(* Let $\Omega\subset\mathbb{R}^d$, $d\le3$, be a bounded polytopal domain with Lipschitz boundary, $\tau>0$, $w\in H^1_0(\Omega)$ and $\psi\in W^{2,\infty}(\Omega)$. Define \[ \mathcal{A}(w,v):=(w,v)+\tau\big(a(w,v)+b(w,v)\big), \] with $a(w,v):=\int_\Omega\nabla w\cdot\nabla v\,\mathrm{d}x$ and $b(w,v):=\int_\Omega (w\nabla\psi)\cdot\nabla v\,\mathrm{d}x$. If $\Delta\psi\le0$, then \[ \mathcal{A}(w,w)\ge\|w\|_{L^2(\Omega)}^2+\tau\|\nabla w\|_{L^2(\Omega)}^2. \] Alternatively, without any sign assumption on $\Delta\psi$, if \[ \tau<\frac{4}{C_S^2\|\Delta\psi\|_{L^3(\Omega)}^2}, \] then \[ \mathcal{A}(w,w)\ge\tfrac12\|w\|_{L^2(\Omega)}^2+\tfrac{\tau}{2}\|\nabla w\|_{L^2(\Omega)}^2. \]
   Context: $(\cdot,\cdot)$ is the $L^2(\Omega)$ inner product. $C_S$ is the constant of the Sobolev embedding $H^1_0(\Omega)\hookrightarrow L^6(\Omega)$ (valid for $d\le3$), i.e. $\|v\|_{L^6(\Omega)}\le C_S\|\nabla v\|_{L^2(\Omega)}$ for all $v\in H^1_0(\Omega)$. *)

theory Defs
  imports "HOL-Analysis.Analysis"
begin

definition lipschitz_boundary :: "'a::euclidean_space set \<Rightarrow> bool" where
  "lipschitz_boundary \<Omega> \<longleftrightarrow>
     (\<forall>x\<in>frontier \<Omega>. \<exists>r>0. \<exists>e L g. norm e = 1 \<and>
        L-lipschitz_on {z. z \<bullet> e = 0} (g :: 'a \<Rightarrow> real) \<and>
        (\<forall>y\<in>ball x r. y \<in> \<Omega> \<longleftrightarrow> y \<bullet> e < g (y - (y \<bullet> e) *\<^sub>R e)))"

definition bounded_polytopal_domain :: "'a::euclidean_space set \<Rightarrow> bool" where
  "bounded_polytopal_domain \<Omega> \<longleftrightarrow> open \<Omega> \<and> connected \<Omega> \<and> \<Omega> \<noteq> {} \<and> bounded \<Omega> \<and>
     (\<exists>P. finite P \<and> (\<forall>p\<in>P. polytope p) \<and> closure \<Omega> = \<Union>P)"

coinductive C_inf :: "('a::euclidean_space \<Rightarrow> real) \<Rightarrow> bool" where
  "(\<forall>x. f differentiable (at x)) \<Longrightarrow> continuous_on UNIV f \<Longrightarrow>
   (\<forall>i\<in>Basis. C_inf (\<lambda>x. frechet_derivative f (at x) i)) \<Longrightarrow> C_inf f"

definition grad :: "('a::euclidean_space \<Rightarrow> real) \<Rightarrow> 'a \<Rightarrow> 'a" where
  "grad f x = (\<Sum>i\<in>Basis. frechet_derivative f (at x) i *\<^sub>R i)"

definition test_fun :: "'a::euclidean_space set \<Rightarrow> ('a \<Rightarrow> real) \<Rightarrow> bool" where
  "test_fun \<Omega> \<phi> \<longleftrightarrow> C_inf \<phi> \<and> compact (closure {x. \<phi> x \<noteq> 0}) \<and> closure {x. \<phi> x \<noteq> 0} \<subseteq> \<Omega>"

definition L2 :: "'a::euclidean_space set \<Rightarrow> ('a \<Rightarrow> 'b::euclidean_space) \<Rightarrow> bool" where
  "L2 \<Omega> f \<longleftrightarrow> f \<in> borel_measurable (restrict_space lebesgue \<Omega>) \<and>
     set_integrable lebesgue \<Omega> (\<lambda>x. (norm (f x))\<^sup>2)"

definition ess_bounded :: "'a::euclidean_space set \<Rightarrow> ('a \<Rightarrow> 'b::euclidean_space) \<Rightarrow> bool" where
  "ess_bounded \<Omega> f \<longleftrightarrow> f \<in> borel_measurable (restrict_space lebesgue \<Omega>) \<and>
     (\<exists>C. AE x in lebesgue. x \<in> \<Omega> \<longrightarrow> norm (f x) \<le> C)"

definition locally_integrable :: "'a::euclidean_space set \<Rightarrow> ('a \<Rightarrow> 'b::euclidean_space) \<Rightarrow> bool" where
  "locally_integrable \<Omega> f \<longleftrightarrow> (\<forall>K. compact K \<and> K \<subseteq> \<Omega> \<longrightarrow> set_integrable lebesgue K f)"

definition weak_grad :: "'a::euclidean_space set \<Rightarrow> ('a \<Rightarrow> real) \<Rightarrow> ('a \<Rightarrow> 'a) \<Rightarrow> bool" where
  "weak_grad \<Omega> w G \<longleftrightarrow> locally_integrable \<Omega> w \<and> locally_integrable \<Omega> G \<and>
     (\<forall>\<phi>. test_fun \<Omega> \<phi> \<longrightarrow> (\<forall>i\<in>Basis.
        (LINT x:\<Omega>|lebesgue. w x * (grad \<phi> x \<bullet> i)) = - (LINT x:\<Omega>|lebesgue. (G x \<bullet> i) * \<phi> x)))"

definition H10 :: "'a::euclidean_space set \<Rightarrow> ('a \<Rightarrow> real) \<Rightarrow> ('a \<Rightarrow> 'a) \<Rightarrow> bool" where
  "H10 \<Omega> w G \<longleftrightarrow> L2 \<Omega> w \<and> L2 \<Omega> G \<and>
     (\<exists>\<phi>::nat \<Rightarrow> 'a \<Rightarrow> real. (\<forall>n. test_fun \<Omega> (\<phi> n)) \<and>
        ((\<lambda>n. LINT x:\<Omega>|lebesgue. (\<phi> n x - w x)\<^sup>2) \<longlonglongrightarrow> 0) \<and>
        ((\<lambda>n. LINT x:\<Omega>|lebesgue. (norm (grad (\<phi> n) x - G x))\<^sup>2) \<longlonglongrightarrow> 0))"

text \<open>\<psi> \<in> W^{2,\<infinity>}(\<Omega>) with weak gradient G and weak Hessian H
  (H x i is the weak gradient of the i-th component of G).\<close>
definition W2inf :: "'a::euclidean_space set \<Rightarrow> ('a \<Rightarrow> real) \<Rightarrow> ('a \<Rightarrow> 'a) \<Rightarrow> ('a \<Rightarrow> 'a \<Rightarrow> 'a) \<Rightarrow> bool" where
  "W2inf \<Omega> \<psi> G H \<longleftrightarrow> ess_bounded \<Omega> \<psi> \<and> ess_bounded \<Omega> G \<and> weak_grad \<Omega> \<psi> G \<and>
     (\<forall>i\<in>Basis. ess_bounded \<Omega> (\<lambda>x. H x i) \<and> weak_grad \<Omega> (\<lambda>x. G x \<bullet> i) (\<lambda>x. H x i))"

definition lap :: "('a::euclidean_space \<Rightarrow> 'a \<Rightarrow> 'a) \<Rightarrow> 'a \<Rightarrow> real" where
  "lap H x = (\<Sum>i\<in>Basis. H x i \<bullet> i)"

□ □ □ □ □ □ □

**Task requirements:** Which lines of the material contain the string "closure"? List each of them.

**Your solution:**
     (\<exists>P. finite P \<and> (\<forall>p\<in>P. polytope p) \<and> closure \<Omega> = \<Union>P)"
  "test_fun \<Omega> \<phi> \<longleftrightarrow> C_inf \<phi> \<and> compact (closure {x. \<phi> x \<noteq> 0}) \<and> closure {x. \<phi> x \<noteq> 0} \<subseteq> \<Omega>"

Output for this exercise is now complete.